In contrast, clinical decision support systems are derived from explicit, validated rules and transparent chains of inference that have been tested by clinicians and derived from their experience with real patients and their analysis of peer-reviewed medical studies. That is not to suggest that every diagnostic or therapeutic statement from an expert system is always right. Misdiagnosis remains a persistent problem in healthcare, which is why LLMs can play a useful role as an assistant.
Although the evidence doesn’t support the belief that LLMs can serve as autonomous reasoning engines, case reports suggest that at times they can match or even exceed the average clinician’s ability to make accurate diagnoses. Consider one example.
Issac Kohane, M.D., PhD, a pediatric endocrinologist and informatics expert, was called in to consult on a newborn with hypospadias, which affects a patient’s genitals. When he typed in the boy’s signs and symptoms and queried Gpt-4 for possible differential diagnoses, the LLM offered several options, including congenital adrenal hyperplasia (CAH), androgen insensitivity syndrome, and other rather esoteric disorders. Then, Dr.
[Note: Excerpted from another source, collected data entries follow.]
(* Let $G$ be a cacti-graph and $a,b\in E(G)$. If $a$ and $b$ lie in the same component of $G$, then for every integer $k$ with $1\le k\le \Delta G$ there exists a subgraph $F$ of $G$ such that $a,b\in E(F)$, $F$ is a cacti-graph, and $\Delta F=k$. If $a$ and $b$ lie in different components of $G$, then for every integer $k$ with $2\le k\le\Delta G$ there exists a subgraph $F$ of $G$ such that $a,b\in E(F)$, $F$ is a cacti-graph, and $\Delta F=k$.
   Context: Graphs are finite, may have loops and parallel edges, and have no isolated vertices unless stated otherwise. A leaf is a vertex incident to exactly one edge, which is not a loop. $\Delta G=|E(G)|-|V(G)|$. A cycle is a connected graph all of whose vertices have degree 2 (a loop contributes 2). A cacti-graph is a graph with no isolated vertices, no leaves, and no component that is a cycle (equivalently, no isolated vertices, no leaves, and every component contains at least two cycles). *)

theory Defs
  imports Main
begin

text \<open>A finite multigraph (loops and parallel edges allowed): vertex set V, edge set E,
  and an incidence map inc giving the set of endpoints of each edge
  (a singleton for a loop, a two-element set otherwise).\<close>
definition graph :: "'v set \<Rightarrow> 'e set \<Rightarrow> ('e \<Rightarrow> 'v set) \<Rightarrow> bool" where
  "graph V E inc \<longleftrightarrow> finite V \<and> finite E \<and>
     (\<forall>e\<in>E. inc e \<subseteq> V \<and> (card (inc e) = 1 \<or> card (inc e) = 2))"

definition degree :: "'e set \<Rightarrow> ('e \<Rightarrow> 'v set) \<Rightarrow> 'v \<Rightarrow> nat" where
  "degree E inc v = card {e\<in>E. v \<in> inc e \<and> card (inc e) = 2} + 2 * card {e\<in>E. inc e = {v}}"

definition isolated :: "'v set \<Rightarrow> 'e set \<Rightarrow> ('e \<Rightarrow> 'v set) \<Rightarrow> 'v \<Rightarrow> bool" where
  "isolated V E inc v \<longleftrightarrow> v \<in> V \<and> \<not> (\<exists>e\<in>E. v \<in> inc e)"

definition leaf :: "'v set \<Rightarrow> 'e set \<Rightarrow> ('e \<Rightarrow> 'v set) \<Rightarrow> 'v \<Rightarrow> bool" where
  "leaf V E inc v \<longleftrightarrow> v \<in> V \<and> (\<exists>!e. e \<in> E \<and> v \<in> inc e) \<and>
     (\<forall>e\<in>E. v \<in> inc e \<longrightarrow> card (inc e) = 2)"

definition adj :: "'e set \<Rightarrow> ('e \<Rightarrow> 'v set) \<Rightarrow> 'v \<Rightarrow> 'v \<Rightarrow> bool" where
  "adj E inc u v \<longleftrightarrow> (\<exists>e\<in>E. u \<in> inc e \<and> v \<in> inc e)"

definition connected_graph :: "'v set \<Rightarrow> 'e set \<Rightarrow> ('e \<Rightarrow> 'v set) \<Rightarrow> bool" where
  "connected_graph V E inc \<longleftrightarrow> V \<noteq> {} \<and> (\<forall>u\<in>V. \<forall>v\<in>V. (adj E inc)\<^sup>*\<^sup>* u v)"

definition components :: "'v set \<Rightarrow> 'e set \<Rightarrow> ('e \<Rightarrow> 'v set) \<Rightarrow> 'v set set" where
  "components V E inc = {{w \<in> V. (adj E inc)\<^sup>*\<^sup>* v w} | v. v \<in> V}"

definition is_cycle :: "'v set \<Rightarrow> 'e set \<Rightarrow> ('e \<Rightarrow> 'v set) \<Rightarrow> bool" where
  "is_cycle V E inc \<longleftrightarrow> connected_graph V E inc \<and> (\<forall>v\<in>V. degree E inc v = 2)"

definition cacti :: "'v set \<Rightarrow> 'e set \<Rightarrow> ('e \<Rightarrow> 'v set) \<Rightarrow> bool" where
  "cacti V E inc \<longleftrightarrow> graph V E inc \<and>
     (\<forall>v. \<not> isolated V E inc v) \<and> (\<forall>v. \<not> leaf V E inc v) \<and>
     (\<forall>C\<in>components V E inc. \<not> is_cycle C {e\<in>E. inc e \<subseteq> C} inc)"

definition subgraph :: "'v set \<Rightarrow> 'e set \<Rightarrow> 'v set \<Rightarrow> 'e set \<Rightarrow> ('e \<Rightarrow> 'v set) \<Rightarrow> bool" where
  "subgraph VF EF V E inc \<longleftrightarrow> VF \<subseteq> V \<and> EF \<subseteq> E \<and> (\<forall>e\<in>EF. inc e \<subseteq> VF)"

text \<open>\<Delta>G = |E(G)| - |V(G)|.\<close>
definition excess :: "'v set \<Rightarrow> 'e set \<Rightarrow> int" where
  "excess V E = int (card E) - int (card V)"

definition same_component :: "'v set \<Rightarrow> 'e set \<Rightarrow> ('e \<Rightarrow> 'v set) \<Rightarrow> 'e \<Rightarrow> 'e \<Rightarrow> bool" where
  "same_component V E inc a b \<longleftrightarrow> (\<exists>C\<in>components V E inc. inc a \<subseteq> C \<and> inc b \<subseteq> C)"

end

theory Submission
  imports Defs
begin

text \<open>
  We work with edge sets \<open>S\<close> of \<open>G\<close> and the subgraphs they span. Vertices of degree 1 in \<open>S\<close>
  are called pendant, and \<open>S\<close> is measured by its potential \<open>|S| - |V(S)| + #pendants\<close>, which
  is the excess \<open>\<Delta>S\<close> when \<open>S\<close> has no pendant vertex. As \<open>G\<close> has no leaves, every pendant
  vertex of \<open>S\<close> lies on an edge of \<open>G\<close> outside \<open>S\<close>, and attaching that edge does not raise the
  potential; hence \<open>S\<close> grows into a pendant-free edge set of excess at most its potential. A
  pendant-free \<open>S\<close> spans a cacti-graph as soon as each of its vertices reaches a vertex of degree
  at least 3 (\<open>S\<close> is branching); unlike being a cacti-graph, this survives adding edges and
  vertex-disjoint unions.

  If \<open>a\<close> and \<open>b\<close> lie in one component, a shortest path joining them has potential 1. If
  growing it ends in a 2-regular graph, that graph is not a whole component of \<open>G\<close>, since \<open>G\<close>
  has no cycle components, and one more edge creates a vertex of degree 3 at potential 1. If \<open>a\<close>
  and \<open>b\<close> lie in different components, the two seeds grown from them are vertex-disjoint, of
  total excess at most 2. Finally, the excess of a pendant-free branching \<open>S \<noteq> E\<close> can be raised
  by at most one, preserving both properties: attach an edge meeting \<open>S\<close> and regrow, or, if no
  edge meets \<open>S\<close>, add a disjoint seed of excess at most 1. So every value up to \<open>\<Delta>G\<close> is attained.
\<close>

section \<open>Edge sets and degrees\<close>

definition verts :: "('e \<Rightarrow> 'v set) \<Rightarrow> 'e set \<Rightarrow> 'v set" where
  "verts inc S = \<Union> (inc ` S)"

definition multigraph_edges :: "('e \<Rightarrow> 'v set) \<Rightarrow> 'e set \<Rightarrow> bool" where
  "multigraph_edges inc S \<longleftrightarrow> finite S \<and> (\<forall>e\<in>S. card (inc e) = 1 \<or> card (inc e) = 2)"

definition pendants :: "('e \<Rightarrow> 'v set) \<Rightarrow> 'e set \<Rightarrow> 'v set" where
  "pendants inc S = {v \<in> verts inc S. degree S inc v = 1}"

definition potential :: "('e \<Rightarrow> 'v set) \<Rightarrow> 'e set \<Rightarrow> int" where
  "potential inc S = excess (verts inc S) S + int (card (pendants inc S))"

definition linked :: "('e \<Rightarrow> 'v set) \<Rightarrow> 'e set \<Rightarrow> bool" where
  "linked inc S \<longleftrightarrow> (\<forall>u\<in>verts inc S. \<forall>w\<in>verts inc S. (adj S inc)\<^sup>*\<^sup>* u w)"

definition branching :: "('e \<Rightarrow> 'v set) \<Rightarrow> 'e set \<Rightarrow> bool" where
  "branching inc S \<longleftrightarrow> (\<forall>v\<in>verts inc S. \<exists>w. (adj S inc)\<^sup>*\<^sup>* v w \<and> 3 \<le> degree S inc w)"

lemma mem_verts_iff: "v \<in> verts inc S \<longleftrightarrow> (\<exists>e\<in>S. v \<in> inc e)"
  by (auto simp: verts_def)

lemma verts_insert [simp]: "verts inc (insert f S) = inc f \<union> verts inc S"
  by (auto simp: verts_def)

lemma verts_Un: "verts inc (S \<union> T) = verts inc S \<union> verts inc T"
  by (auto simp: verts_def)

lemma verts_mono: "S \<subseteq> T \<Longrightarrow> verts inc S \<subseteq> verts inc T"
  by (auto simp: verts_def)

lemma rtranclp_adj_mono: "S \<subseteq> T \<Longrightarrow> (adj S inc)\<^sup>*\<^sup>* u w \<Longrightarrow> (adj T inc)\<^sup>*\<^sup>* u w"
  by (erule mono_rtranclp[rule_format, rotated]) (auto simp: adj_def)

lemma rtranclp_adj_sym: "(adj S inc)\<^sup>*\<^sup>* u w \<Longrightarrow> (adj S inc)\<^sup>*\<^sup>* w u"
  by (metis adj_def symp_def symp_rtranclp)

lemma multigraph_edges_subset: "multigraph_edges inc T \<Longrightarrow> S \<subseteq> T \<Longrightarrow> multigraph_edges inc S"
  by (auto simp: multigraph_edges_def intro: finite_subset)

lemma multigraph_edges_incD:
  assumes "multigraph_edges inc S" "e \<in> S"
  shows "finite (inc e)" "inc e \<noteq> {}"
proof -
  have "card (inc e) \<noteq> 0"
    using assms by (auto simp: multigraph_edges_def)
  then show "finite (inc e)" "inc e \<noteq> {}"
    by (simp_all add: card_eq_0_iff)
qed

lemma card_1_eq_singleton: "card A = 1 \<Longrightarrow> v \<in> A \<Longrightarrow> A = {v}"
  by (metis card_1_singletonE singletonD)

lemma multigraph_edges_inc_eq_pair:
  assumes "multigraph_edges inc S" "f \<in> S" "x \<in> inc f" "z \<in> inc f" "x \<noteq> z"
  shows "inc f = {x, z}"
proof -
  have "card (inc f) = 1 \<or> card (inc f) = 2"
    using assms(1,2) by (simp add: multigraph_edges_def)
  then have "card (inc f) = 2"
    using card_1_eq_singleton[of "inc f" x] assms(3-5) by auto
  then show ?thesis
    using assms(3-5) by (auto simp: card_2_iff)
qed

lemma finite_verts: "multigraph_edges inc S \<Longrightarrow> finite (verts inc S)"
  unfolding verts_def using multigraph_edges_incD(1)[of inc S] by (auto simp: multigraph_edges_def)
Kohane refined his prompt by adding the child’s hormone levels and the fact that an abdominal ultrasound revealed the baby had a uterus. The chatbot concluded that CAH was the most likely diagnosis and provided a detailed explanation of the likely pathophysiology. (A complete write up of the case is available in The AI Revolution in Medicine: GPT-4 and Beyond.) When Kohane did additional genetic testing, he confirmed CAH, pointing out that 99% of practicing physicians probably would not have made the diagnosis.
Of course, this example conceals that fact that many times ChatGPT gets it wrong, which is why developers, including Mayo Clinic, are working on creating more trustworthy assistants. Until that day arrives, it makes sense to use available Chatbots cautiously, refining prompts with carefully thought-out questions.